Казаки заржали, и все трое выскочили, как без ума, из ворот, запустили
вскачь по слободе к Воробьевым горам, - только пыль да куры полетели в
стороны.
На другой день нам запрягли возок, и мы с матушкой поехали в Кремль, в
Успенский собор, и стояли обедню; а отстояв, пошли к Шуйскому на двор, -
кланяться, просить заступиться перед царем за нас - сирот: не дадут ли
землишки.
Боярин-князь Василий Иванович Шуйский вышел к нам на крыльцо, и
матушка кланялась ему в пояс, а я - в землю, хотя и невдомек нам было, что
уже не князь - плотный, низенький старичок в собольей зеленой шубе - стоит
перед нами, а без двух дней царь. Борода у него была редкая, мужицкая, лицо
одутловатое, щекой дергает, а глаза - щелками - большого ума, не давал
только в них взглянуть.
Сказал нам боярин-князь тонким голосом, со вздохом:
- Заступлюсь перед кем нужно за твое сиротство, матушка княгиня, но
обожди, обожди, ох, обожди. Ныне все мы под богом ходим... А мужа твоего,
князя Леонтия Туренева, помню хорошо, - при царе Федоре он на три места
ниже меня сидел: я, да князь Мстиславский, да князь Голицын, да Тверской
князь, Патрикеева рода, а после него место Туреневу, и ему воеводой место в
сторожевом полку, а в большом полку - третьим воеводой. Мальчику-то вели
это заучить.
Князь погладил меня по голове и отпустил нас.

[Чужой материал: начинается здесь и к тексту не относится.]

lemma has_integral_cos_mult_sin_comp:
  fixes g :: "real \<Rightarrow> real"
  assumes "continuous_on {0..1} g"
  shows "((\<lambda>t. cos t * g (sin t)) has_integral 0) {0..pi}"
proof -
  have "sin ` {0..pi} \<subseteq> {0..1}"
    by (auto intro: sin_ge_zero)
  then show ?thesis
    using has_integral_substitution[where f = g and g = sin and g' = cos and a = 0 and b = pi and c = 0 and d = 1]
      assms by (simp add: has_field_derivative_at_within[OF DERIV_sin])
qed

lemma has_integral_sin_sq: "((\<lambda>t. sin t ^ 2) has_integral pi/2) {0..pi}"
proof -
  have "((\<lambda>t. t/2 - sin t * cos t / 2) has_real_derivative sin x ^ 2) (at x)" for x
  proof -
    have "((\<lambda>t. t/2 - sin t * cos t / 2) has_real_derivative 1/2 - (cos x * cos x - sin x * sin x)/2) (at x)"
      by (auto intro!: derivative_eq_intros simp: field_simps)
    moreover have "1/2 - (cos x * cos x - sin x * sin x)/2 = sin x ^ 2"
      using sin_squared_eq[of x] by (simp add: power2_eq_square field_simps)
    ultimately show ?thesis by simp
  qed
  from has_integral_of_real_derivative[OF this, of 0 pi] show ?thesis by simp
qed

lemma has_integral_sin_pow4: "((\<lambda>t. sin t ^ 4) has_integral 3*pi/8) {0..pi}"
proof -
  have "((\<lambda>t. 3*t/8 - 3 * sin t * cos t / 8 - sin t ^ 3 * cos t / 4) has_real_derivative sin x ^ 4) (at x)" for x
  proof -
    have "((\<lambda>t. 3*t/8 - 3 * sin t * cos t / 8 - sin t ^ 3 * cos t / 4) has_real_derivative
      3/8 - 3*(cos x * cos x - sin x * sin x)/8 - (3 * sin x^2 * cos x * cos x - sin x ^3 * sin x)/4) (at x)"
      by (auto intro!: derivative_eq_intros simp: field_simps power2_eq_square power3_eq_cube)
    moreover have "3/8 - 3*(cos x * cos x - sin x * sin x)/8 - (3 * sin x^2 * cos x * cos x - sin x ^3 * sin x)/4
        = sin x ^ 4"
      using sin_cos_squared_add[of x] by algebra
    ultimately show ?thesis by simp
  qed
  from has_integral_of_real_derivative[OF this, of 0 pi] show ?thesis by simp
qed

lemma cos_sq_plus_sin_sq_pos:
  fixes c t :: real
  assumes "0 < c"
  shows "0 < cos t ^ 2 + c * sin t ^ 2"
proof (cases "sin t = 0")
  case True
  then have "cos t ^ 2 = 1" using sin_cos_squared_add[of t] by simp
  with True show ?thesis by simp
next
  case False
  with assms show ?thesis by (simp add: add_nonneg_pos)
qed

lemma DERIV_arctan_quotient:
  fixes N M :: "real \<Rightarrow> real"
  assumes "(N has_real_derivative N') (at x)" "(M has_real_derivative M') (at x)" "M x \<noteq> 0"
  shows "((\<lambda>x. arctan (N x / M x)) has_real_derivative (N' * M x - N x * M') / (M x ^ 2 + N x ^ 2)) (at x)"
proof -
  have "((\<lambda>x. arctan (N x / M x)) has_real_derivative
      inverse (1 + (N x / M x)^2) * ((N' * M x - N x * M') / (M x * M x))) (at x)"
    by (rule DERIV_chain2[OF DERIV_arctan DERIV_divide[OF assms(1,2)]]) (use assms(3) in simp)
  also have "inverse (1 + (N x / M x)^2) = M x ^ 2 / (M x ^ 2 + N x ^ 2)"
    using assms(3) by (simp add: field_simps)
  also have "M x ^ 2 / (M x ^ 2 + N x ^ 2) * ((N' * M x - N x * M') / (M x * M x))
      = (N' * M x - N x * M') / (M x ^ 2 + N x ^ 2)"
    using assms(3) by (simp add: power2_eq_square)
  finally show ?thesis .
qed

lemma has_integral_inverse_one_minus_sin_sq:
  fixes w :: real
  assumes w: "0 < w"
  shows "((\<lambda>t. 1 / (1 - (1 - w^2) * sin t ^ 2)) has_integral pi / w) {0..pi}"
proof -
  \<comment> \<open>The antiderivative arctan (w tan t) / w, rewritten by the addition formula for arctan
    so that it is smooth on the whole line.\<close>
  define N where "N t = (w - 1) * sin t * cos t" for t
  define M where "M t = cos t ^ 2 + w * sin t ^ 2" for t
  have "((\<lambda>t. (t + arctan (N t / M t)) / w) has_real_derivative 1 / (1 - (1 - w^2) * sin t ^ 2)) (at t)"
    for t
  proof -
    define Q where "Q = cos t ^ 2 + w^2 * sin t ^ 2"
    define N' where "N' = (w - 1) * (cos t * cos t - sin t * sin t)"
    define M' where "M' = 2 * cos t * (- sin t) + w * (2 * sin t * cos t)"
    have sc: "sin t ^ 2 + cos t ^ 2 = 1" by simp
    have M: "0 < M t" and Q: "0 < Q"
      unfolding M_def Q_def using w by (auto intro: cos_sq_plus_sin_sq_pos)
    have "(N has_real_derivative N') (at t)" "(M has_real_derivative M') (at t)"
      unfolding N_def M_def N'_def M'_def by (auto intro!: derivative_eq_intros simp: algebra_simps)
    from DERIV_arctan_quotient[OF this less_imp_neq[OF M, symmetric]]
    have "((\<lambda>t. (t + arctan (N t / M t)) / w) has_real_derivative
        (1 + (N' * M t - N t * M') / (M t ^ 2 + N t ^ 2)) / w) (at t)"
      by (intro DERIV_cdivide DERIV_add DERIV_ident)
    moreover have "M t ^ 2 + N t ^ 2 = Q"
      unfolding M_def N_def Q_def using sc by algebra
    moreover have "N' * M t - N t * M' = w - Q"
      unfolding M_def N_def Q_def N'_def M'_def using sc by algebra
    moreover have "1 - (1 - w^2) * sin t ^ 2 = Q"
      unfolding Q_def using sc by (simp add: algebra_simps)
    ultimately show ?thesis
      using Q w by (simp add: field_simps)
  qed
  from has_integral_of_real_derivative[OF this, of 0 pi] show ?thesis
    by (simp add: N_def)
qed

lemma has_integral_cubic_sin_sq_quotient:
  fixes e0 e1 e2 e3 w :: real
  assumes w: "0 < w" "w \<noteq> 1"
  defines "d \<equiv> 1 - w^2"
  shows "((\<lambda>t. (e0 + e1 * sin t ^ 2 + e2 * sin t ^ 4 + e3 * sin t ^ 6) / (1 - d * sin t ^ 2)) has_integral
      pi * ((e0 + e1/d + e2/d^2 + e3/d^3) / w - (e1 + e2/d + e3/d^2) / d - (e2 + e3/d) / (2*d)
        - 3*e3 / (8*d))) {0..pi}"
proof -
  have d: "d \<noteq> 0"
    using w by (auto simp: d_def power2_eq_1_iff)
  define p2 where "p2 = - e3 / d"
  define p1 where "p1 = (p2 - e2) / d"
  define p0 where "p0 = (p1 - e1) / d"
  define K where "K = e0 - p0"
  have division: "e0 + e1 * y + e2 * y^2 + e3 * y^3 = (1 - d * y) * (p0 + p1 * y + p2 * y^2) + K" for y
    unfolding K_def p0_def p1_def p2_def using d by (simp add: field_simps eval_nat_numeral)
  have "1 - d * sin t ^ 2 \<noteq> 0" for t
  proof -
    have "1 - d * sin t ^ 2 = cos t ^ 2 + w^2 * sin t ^ 2"
      unfolding d_def using sin_cos_squared_add[of t] by algebra
    then show ?thesis
      using cos_sq_plus_sin_sq_pos[of "w^2" t] w by simp
  qed
  moreover have "e0 + e1 * sin t ^ 2 + e2 * sin t ^ 4 + e3 * sin t ^ 6
      = (1 - d * sin t ^ 2) * (p0 + p1 * sin t ^ 2 + p2 * sin t ^ 4) + K" for t
    using division[of "sin t ^ 2"] by (simp flip: power_mult)
  ultimately have "(e0 + e1 * sin t ^ 2 + e2 * sin t ^ 4 + e3 * sin t ^ 6) / (1 - d * sin t ^ 2)
      = p0 + p1 * sin t ^ 2 + p2 * sin t ^ 4 + K * (1 / (1 - d * sin t ^ 2))" for t
    by (simp add: add_divide_distrib)
  moreover have "((\<lambda>t. p0 + p1 * sin t ^ 2 + p2 * sin t ^ 4 + K * (1 / (1 - d * sin t ^ 2))) has_integral
      p0 * pi + p1 * (pi / 2) + p2 * (3 * pi / 8) + K * (pi / w)) {0..pi}"
    unfolding d_def
    by (intro has_integral_add has_integral_mult_right has_integral_sin_sq has_integral_sin_pow4
        has_integral_inverse_one_minus_sin_sq w)
      (use has_integral_const_real[of p0 0 pi] in \<open>simp add: mult.commute\<close>)
  moreover have "p0 * pi + p1 * (pi / 2) + p2 * (3 * pi / 8) + K * (pi / w)
      = pi * ((e0 + e1/d + e2/d^2 + e3/d^3) / w - (e1 + e2/d + e3/d^2) / d - (e2 + e3/d) / (2*d)
        - 3*e3 / (8*d))"
    unfolding K_def p0_def p1_def p2_def using d w by (simp add: field_simps power2_eq_square power3_eq_cube)
  ultimately show ?thesis by simp
qed

section \<open>The first order averaged function\<close>

lemma F1_over_Ysol:
  fixes z t :: real
  assumes z: "z \<in> Dom"
  defines "D \<equiv> 1 - 3 * z^3 * sin t"
  shows "F1 a b lam t (rsol z t) / Ysol z t
    = lam 1 * z * D + z^4 * radial_part a b t - z^7 * cos t * angular_part a b t / D"
proof -
  have D: "0 < D" unfolding D_def using rsol_base_pos[OF z] .
  define q where "q = D powr (1/3)"
  have q: "0 < q" using D by (simp add: q_def)
  have Dq: "D = q^3" unfolding q_def using powr_third_cube[OF D] by simp
  have r: "rsol z t = z / q"
    unfolding rsol_def D_def[symmetric] q_def by (simp add: powr_minus_divide)
  have Y: "Ysol z t = 1 / q^4"
  proof -
    have "D powr (4/3) = q^4" unfolding q_def using D by (simp add: powr_power)
    then show ?thesis unfolding Ysol_def D_def[symmetric] by (simp add: powr_minus_divide)
  qed
  have "z / q \<noteq> 0" using rsol_solves(2)[OF z, of t] by (simp only: r)
  then show ?thesis
    unfolding Dq r Y F1_polar[OF \<open>z / q \<noteq> 0\<close>] using q by (simp add: field_simps eval_nat_numeral)
qed

lemma F1_over_Ysol_fold_pi:
  assumes z: "z \<in> Dom"
  shows "F1 a b lam t (rsol z t) / Ysol z t + F1 a b lam (t + pi) (rsol z (t + pi)) / Ysol z (t + pi)
    = 2 * lam 1 * z - 2 * z^7 * cos t * angular_part a b t / (1 - 9 * z^6 * sin t ^ 2)"
proof -
  define p where "p = 1 - 3 * z^3 * sin t"
  define m where "m = 1 + 3 * z^3 * sin t"
  have "0 < p" "0 < m"
    using rsol_base_pos[OF z, of t] rsol_base_pos[OF z, of "t + pi"] by (simp_all add: p_def m_def)
  have "F1 a b lam t (rsol z t) / Ysol z t + F1 a b lam (t + pi) (rsol z (t + pi)) / Ysol z (t + pi)
      = 2 * lam 1 * z - z^7 * cos t * angular_part a b t * (1 / p + 1 / m)"
    unfolding F1_over_Ysol[OF z] radial_part_shift_pi angular_part_shift_pi p_def m_def
    by (simp add: algebra_simps)
  also have "1 / p + 1 / m = 2 / (1 - 9 * z^6 * sin t ^ 2)"
  proof -
    have "1 - 9 * z^6 * sin t ^ 2 = p * m"
      unfolding p_def m_def by (simp add: algebra_simps power2_eq_square eval_nat_numeral)
    moreover have "p + m = 2"
      by (simp add: p_def m_def)
    ultimately show ?thesis
      using \<open>0 < p\<close> \<open>0 < m\<close> by (simp add: field_simps)
  qed
  finally show ?thesis by simp
qed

На другой день, как солнце встало, пошли было мы с матушкой на Красную
площадь, на торг. Куда там - не протолкаться. Народ так и лезет стеной, -
боярские дети, стрельцы, персюки, татары - в пестрых халатах, поляки - в
голубых, в белых кафтанах, иные с крыльями, а наши - в зеленой, в
коричневой, - все в темной одеже.
По бревнам громыхают телеги. Или проскачет боярин в медной греческой
шапке с гребешком, - впереди него стремянные расчищают плетьми дорогу, -
опять давка.
У кремлевской стены стоят писцы, кричат: "Вот, напишу за копейку!"
Попы стоят, дожидаются натощак - кого хоронить или венчать, и показывают
калач, кричат: "Смотри, закушу". Кричат сбитенщики, калачники. Дудят на
дудках слепцы. Между ног ползают безногие, безносые, за полы хватают. А в
палатках понавешано товару, - так и горит. Из-за прилавков купчишки
высовываются, кричат: "К нам, к нам, боярин у нас покупал!" Пойдешь к
прилавку, - вцепится в тебя купец, в глаза прыгает, а захочешь уйти ни с
чем, начинает ругать и бьет тебя куском полотна, чтобы купил. Подале, на
Ильинке, на улице, сидят на лавках люди, на головах у них надеты глиняные
горшки, и цыгане стригут им волосы, - Ильинка полна волос, как кошма.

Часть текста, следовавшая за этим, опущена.